━━ Information provided ━━

lemma prob_predictable_sum_abs_ge_le:
  assumes "\<And>k. k \<in> {m..n} \<Longrightarrow> g k \<in> borel_measurable (PiM {Suc k..n} N)"
    and g_depends: "\<And>k y y'. k \<in> {m..n} \<Longrightarrow> (\<forall>j\<in>{Suc k..n}. y j = y' j) \<Longrightarrow> g k y = g k y'"
    and "\<And>k y. k \<in> {m..n} \<Longrightarrow> \<bar>g k y\<bar> \<le> c k"
    and "0 < w" "0 < L" "u\<^sup>2 * (\<Sum>k=m..n. (c k)\<^sup>2) \<le> w\<^sup>2"
  shows "measure (PiM {m..n} N) {y \<in> space (PiM {m..n} N). L * w \<le> \<bar>\<Sum>k=m..n. y k * g k y\<bar>}
           \<le> 2 * exp (- L\<^sup>2 / 2)"
proof -
  let ?P = "PiM {m..n} N"
  interpret prob_space ?P by (rule prob_space_PiM_N)
  have upper: "prob {y \<in> space ?P. L * w \<le> (\<Sum>k=m..n. y k * g k y)} \<le> exp (- L\<^sup>2 / 2)"
    using assms by (intro prob_predictable_sum_ge_le)
  have "prob {y \<in> space ?P. L * w \<le> (\<Sum>k=m..n. y k * - g k y)} \<le> exp (- L\<^sup>2 / 2)"
    using assms by (intro prob_predictable_sum_ge_le[where c = c]) (auto intro: g_depends)
  then have lower: "prob {y \<in> space ?P. L * w \<le> - (\<Sum>k=m..n. y k * g k y)} \<le> exp (- L\<^sup>2 / 2)"
    by (simp add: sum_negf)
  have "(\<lambda>y. \<Sum>k=m..n. y k * g k y) \<in> borel_measurable ?P"
    using assms by (intro borel_measurable_predictable_sum)
  then have "prob {y \<in> space ?P. L * w \<le> \<bar>\<Sum>k=m..n. y k * g k y\<bar>}
      \<le> prob {y \<in> space ?P. L * w \<le> (\<Sum>k=m..n. y k * g k y)}
        + prob {y \<in> space ?P. L * w \<le> - (\<Sum>k=m..n. y k * g k y)}"
    by (intro order.trans[OF _ measure_Un_le]) (auto intro!: finite_measure_mono)
  then show ?thesis using upper lower by simp
qed

lemma prob_tail_sum_gt_le:
  assumes "0 < w" "0 < L" and variance: "u\<^sup>2 * real (Suc n - m) \<le> w\<^sup>2"
  shows "measure (PiM {m..n} N) {y \<in> space (PiM {m..n} N). \<exists>j\<in>{m..n}. L * w < (\<Sum>i=j..n. y i)}
           \<le> exp (- L\<^sup>2 / 2)"
proof -
  let ?P = "PiM {m..n} N"
  interpret prob_space ?P by (rule prob_space_PiM_N)
  define q where "q k (y :: nat \<Rightarrow> real) = (if \<forall>j\<in>{Suc k..n}. (\<Sum>i=j..n. y i) \<le> L * w then 1 else (0::real))"
    for k y
  have q_measurable: "q k \<in> borel_measurable (PiM {Suc k..n} N)" for k
  proof -
    have "(\<lambda>y. \<Sum>i=j..n. y i) \<in> borel_measurable (PiM {Suc k..n} N)" if "j \<in> {Suc k..n}" for j
      using that by (intro borel_measurable_sum measurable_component) auto
    then show ?thesis unfolding q_def by measurable
  qed
  have q_depends: "q k y = q k y'" if "\<forall>j\<in>{Suc k..n}. y j = y' j" for k y y'
    unfolding q_def using that by (intro if_cong ball_cong refl arg_cong2[where f = "(\<le>)"] sum.cong) auto
  have q_bounded: "\<bar>q k y\<bar> \<le> 1" for k y
    by (simp add: q_def)
  have "{y \<in> space ?P. \<exists>j\<in>{m..n}. L * w < (\<Sum>i=j..n. y i)}
      \<subseteq> {y \<in> space ?P. L * w \<le> (\<Sum>k=m..n. y k * q k y)}"
    unfolding q_def by (auto dest!: stopped_tail_sum_gt)
  then have "prob {y \<in> space ?P. \<exists>j\<in>{m..n}. L * w < (\<Sum>i=j..n. y i)}
      \<le> prob {y \<in> space ?P. L * w \<le> (\<Sum>k=m..n. y k * q k y)}"
    using q_measurable q_depends
    by (intro finite_measure_mono) (use borel_measurable_predictable_sum[of m n q] in measurable)
  also have "\<dots> \<le> exp (- L\<^sup>2 / 2)"
    using assms by (intro prob_predictable_sum_ge_le[where c = "\<lambda>_. 1"] q_measurable q_depends q_bounded) auto
  finally show ?thesis .
qed

lemma sets_tail_sum_gt:
  "{y \<in> space (PiM {m..n} N). \<exists>j\<in>{m..n}. b < (\<Sum>i=j..n. y i)} \<in> sets (PiM {m..n} N)"
proof -
  have "(\<lambda>y. \<Sum>i=j..n. y i) \<in> borel_measurable (PiM {m..n} N)" if "j \<in> {m..n}" for j
    using that by (intro borel_measurable_sum measurable_component) auto
  then show ?thesis by measurable
qed

lemma borel_measurable_error_expansion: "error_expansion s n \<in> borel_measurable (PiM {2..n} N)"
  unfolding error_expansion_def
  by (intro borel_measurable_sum borel_measurable_times borel_measurable_prod borel_measurable_add
      borel_measurable_const measurable_component) auto

lemma sets_error_expansion_gt:
  "{y \<in> space (PiM {2..n} N). (\<forall>k\<in>{2..n}. \<bar>y k\<bar> \<le> u) \<and> B < \<bar>error_expansion s n y\<bar>}
     \<in> sets (PiM {2..n} N)"
proof -
  have "Measurable.pred (PiM {2..n} N) (\<lambda>y. \<forall>k\<in>{2..n}. \<bar>y k\<bar> \<le> u)"
  proof (rule pred_intros_finite(3))
    fix k assume "k \<in> {2..n}"
    then have [measurable]: "(\<lambda>y. y k) \<in> borel_measurable (PiM {2..n} N)"
      by (rule measurable_component)
    show "Measurable.pred (PiM {2..n} N) (\<lambda>y. \<bar>y k\<bar> \<le> u)" by measurable
  qed simp
  then show ?thesis using borel_measurable_error_expansion by measurable
qed

lemma prob_clipped_expansion_ge_le:
  assumes "0 < u" "0 < L" "0 < C" and "0 < (\<Sum>k=2..n. (s k)\<^sup>2)"
  shows "measure (PiM {2..n} N)
           {y \<in> space (PiM {2..n} N). L * (u * C * sqrt (\<Sum>k=2..n. (s k)\<^sup>2)) \<le> \<bar>clipped_expansion s n C y\<bar>}
         \<le> 2 * exp (- L\<^sup>2 / 2)"
proof -
  define g where "g k (y :: nat \<Rightarrow> real) = s k * max 0 (min (\<Prod>j=Suc k..n. 1 + y j) C)" for k y
  have "g k \<in> borel_measurable (PiM {Suc k..n} N)" for k
    unfolding g_def by (intro borel_measurable_times borel_measurable_max borel_measurable_min
        borel_measurable_prod borel_measurable_add borel_measurable_const measurable_component) auto
  moreover have "g k y = g k y'" if "\<forall>j\<in>{Suc k..n}. y j = y' j" for k y y'
    unfolding g_def using that by (metis (no_types, lifting) atLeastAtMost_iff prod.cong)
  moreover have "\<bar>g k y\<bar> \<le> \<bar>s k\<bar> * C" for k y
    unfolding g_def abs_mult using \<open>0 < C\<close> by (intro mult_left_mono) auto
  moreover have "u\<^sup>2 * (\<Sum>k=2..n. (\<bar>s k\<bar> * C)\<^sup>2) = (u * C * sqrt (\<Sum>k=2..n. (s k)\<^sup>2))\<^sup>2"
    using assms by (simp add: sum_distrib_left algebra_simps)
  ultimately show ?thesis
    unfolding clipped_expansion_def g_def[symmetric] using assms
    by (intro prob_predictable_sum_abs_ge_le[where c = "\<lambda>k. \<bar>s k\<bar> * C"]) auto
qed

━━━

* About this task
When the word "lower" shows up in a line of the entries, report that line.

* Output of the task
  then have lower: "prob {y \<in> space ?P. L * w \<le> - (\<Sum>k=m..n. y k * g k y)} \<le> exp (- L\<^sup>2 / 2)"
  then show ?thesis using upper lower by simp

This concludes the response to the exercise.